§ PROMPT:
Search the listing for the word "type" and copy every line where it turns up.
*** Opening of MATERIAL PROVIDED ***
(* Let $G$ be a finite graph with irreducible components $G_1,\dots,G_m$, and let $X$ be its graph C*-correspondence over $A=C(G^{(0)})$. Then for every tracial state $\tau$ of $A$, \[h_X^\tau=\max\{\log\lambda_{G_s}:G_s\text{ is communicated by some vertex }v\text{ with }\tau(p_v)\neq0\}.\]
   Context: $G$ is a finite directed graph with vertex set $G^{(0)}=\{v_1,\dots,v_n\}$, edge set $G^{(1)}$, source and range maps $s,r$; adjacency matrix $G_{ij}=\#\{e:s(e)=v_i,r(e)=v_j\}$. $A=C(G^{(0)})$ is spanned by orthogonal projections $p_v$, $v\in G^{(0)}$; tracial states of $A$ correspond to probability vectors $(\tau(p_{v}))_v$. The graph C*-correspondence $X$ is spanned over $A$ by vectors $x_e$, $e\in G^{(1)}$, with $\langle x_e,x_f\rangle=\delta_{e,f}p_{s(f)}$, $p_vx_e=\delta_{v,r(e)}x_e$, $x_ep_v=\delta_{s(e),v}x_e$; $\{x_e\}$ is a unit decomposition ($\sum_e\theta_{x_e,x_e}=1_X$). For words $\mu=\mu_k\cdots\mu_1$ in edges, $x_\mu=x_{\mu_k}\otimes\cdots\otimes x_{\mu_1}$. $h_X^\tau=\limsup_k k^{-1}\log\sum_{|\mu|=k}\tau(\langle x_\mu,x_\mu\rangle)$, with the convention that this is $0$ if the terms are eventually $0$. Irreducible components: the maximal strongly connected vertex classes, ordered so that $G$ is block upper triangular with irreducible diagonal blocks $G_1,\dots,G_m$ (a vertex on no cycle gives a component $[0]$). $\lambda_{G_s}$ is the spectral radius of $G_s$ ($0$ for $[0]$). $G_s$ is communicated by a vertex $v$ if there is a path (possibly of length $0$) starting at $v$ and ending at a vertex of $G_s$. Convention: $\log 0:=0$. *)

theory Defs
  imports "Jordan_Normal_Form.Spectral_Radius" "HOL-Library.Extended_Real"
begin

text \<open>Finite directed (multi)graph: vertices = the finite type 'v, edges = the subset E of the finite
  type 'e, source map src, range map rng.  A = C(G^(0)) is modelled as 'v => real
  (only self-adjoint elements occur); p_v is the indicator of v.\<close>

definition proj :: "'v \<Rightarrow> ('v \<Rightarrow> real)" where
  "proj v = (\<lambda>w. if w = v then 1 else 0)"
*** Close of MATERIAL PROVIDED ***
§ TASK RESPONSE:
text \<open>Finite directed (multi)graph: vertices = the finite type 'v, edges = the subset E of the finite
  type 'e, source map src, range map rng.  A = C(G^(0)) is modelled as 'v => real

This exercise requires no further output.